Anthony Stewart / 2007
From Canadian Review of American Studies, 37.3 (2007), 293–324. Reprinted with permission from University of Toronto Press (www.utpjournals.com). Copyright © Canadian Review of American Studies/Revue canadienne d’études amĂ©ricaines 37, no. 3, 2007.
AS: It is my great pleasure to be talking to Percival Everett, the author of fifteen novels, three collections of short stories, a volume of poetry, and a children’s book. Professor Everett is distinguished professor of English at the University of Southern California, where he teaches creative writing and critical theory.
So, thank you again for agreeing to do this. One of the aspects of your work that fascinates me most, at least right now, has to do with what looks to me as a contradiction between the reception of your novels. Every review I read is very positive about your work; my students love your work when they encounter it in my classes, invariably for the first time, and, of course, they’re always surprised that they’ve never heard of you before. So, I’m hoping we can talk at least a bit about that.

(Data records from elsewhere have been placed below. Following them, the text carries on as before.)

(* Let $S$ be epsilon-strongly graded and suppose the set of epsilon-central elements of $B(\mathcal{E}_G)^*$ is the finite set $\{e_1,\dots,e_k\}$. Put $e'=1_S-\sum_{j=1}^ke_j$. Then $e_1,\dots,e_k,e'$ are pairwise orthogonal central idempotents of $S$ summing to $1_S$, and $S=\bigoplus_{i=1}^ke_iS\oplus e'S$. Moreover: (i) for each $i$, $e_iS=\bigoplus_{g\in N(e_i)}e_iS_g$ is strongly $N(e_i)$-graded, and $e_i$ cannot be written as $f_1+\dots+f_m$ with $m\ge2$ and $f_1,\dots,f_m\in B(\mathcal{E}_G)^*$ pairwise orthogonal; (ii) if $e'=0$, then $S_N=\bigoplus_{g\in N}S_g$ is strongly $N$-graded, where $N=\bigcap_{i=1}^kN(e_i)$; (iii) if $e'\neq0$, then $e'S=\bigoplus_{g\in G}e'S_g$ is an epsilon-strongly $G$-graded ring (with identity $e'$ and $\epsilon'_g=e'\epsilon_g$).
   Context: $G$ is a group with identity $e$; $S=\bigoplus_{g\in G}S_g$ is an associative unital ring graded by $G$, $R=S_e$, $XY$ denotes finite sums of products. $S$ is epsilon-strongly graded: each ideal $S_gS_{g^{-1}}$ of $R$ has an identity $\epsilon_g$ with $\epsilon_gs=s=s\epsilon_{g^{-1}}$ for $s\in S_g$; $\epsilon_e=1_S$; each $\epsilon_g$ is an idempotent in $Z(R)$. $B(\mathcal{E}_G)$ is the multiplicative semigroup generated by $\{\epsilon_g:g\in G\}$, $B(\mathcal{E}_G)^*=B(\mathcal{E}_G)\setminus\{0\}$, ordered by $a\le b$ iff $a=ab$. For $r\in B(\mathcal{E}_G)^*$, $N(r)=\{g\in G:r\epsilon_g=r\}$. An element $r\in B(\mathcal{E}_G)^*$ is epsilon-central if it is minimal in $B(\mathcal{E}_G)^*$ and $N(r)$ is a subgroup of $G$ (equivalently, for minimal $r$, $r$ is central in $S$). A ring graded by a group $H$ is strongly $H$-graded if $A_gA_h=A_{gh}$ for all $g,h\in H$. *)

theory Defs
  imports "HOL-Algebra.Group"
begin

text \<open>The ambient ring S is the whole type 'a (class ring_1); the grading group G is a
HOL-Algebra group. Subrings are carrier sets A with their own identity element u.\<close>

definition central :: "'a::ring_1 \<Rightarrow> bool" where
  "central x \<longleftrightarrow> (\<forall>y. x * y = y * x)"

definition add_subgroup :: "'a::ring_1 set \<Rightarrow> bool" where
  "add_subgroup X \<longleftrightarrow> 0 \<in> X \<and> (\<forall>x\<in>X. \<forall>y\<in>X. x - y \<in> X)"

definition unital_subring :: "'a::ring_1 set \<Rightarrow> 'a \<Rightarrow> bool" where
  "unital_subring A u \<longleftrightarrow> add_subgroup A \<and> (\<forall>x\<in>A. \<forall>y\<in>A. x * y \<in> A) \<and>
     u \<in> A \<and> (\<forall>x\<in>A. u * x = x \<and> x * u = x)"

definition sumprods :: "'a::ring_1 set \<Rightarrow> 'a set \<Rightarrow> 'a set" where
  "sumprods X Y = {\<Sum>i<n. x i * y i | (n::nat) x y. \<forall>i<n. x i \<in> X \<and> y i \<in> Y}"

definition decomp :: "'i set \<Rightarrow> ('i \<Rightarrow> 'a::ring_1 set) \<Rightarrow> ('i \<Rightarrow> 'a) \<Rightarrow> bool" where
  "decomp I X f \<longleftrightarrow> finite {i. f i \<noteq> 0} \<and> (\<forall>i. i \<notin> I \<longrightarrow> f i = 0) \<and> (\<forall>i\<in>I. f i \<in> X i)"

I said to you when we were chatting yesterday, first of all, that I should admit that I’ve gotten the impression from published interviews with you that you don’t particularly like being interviewed. Is that a fair assumption?
PE: Yes, that’s fair. I’m not an antagonistic sort, but I tend to be pretty reserved.
AS: Because you work in an English department, you sort of have a split perspective on the world of literary culture, let’s call it, as both an academic and an artist. And this split perspective sometimes appears in your fiction. I have often thought that most artists hate academics or, at least, hate critics, maybe because critics try to limit and pin down the necessarily expansive view of the artist and, in a sense, I’m guilty of such an enterprise in being here and interviewing you. Do you agree with that assessment of critics or, for that matter, of the artist? That is to say, maybe you don’t think most artists have an expansive vision.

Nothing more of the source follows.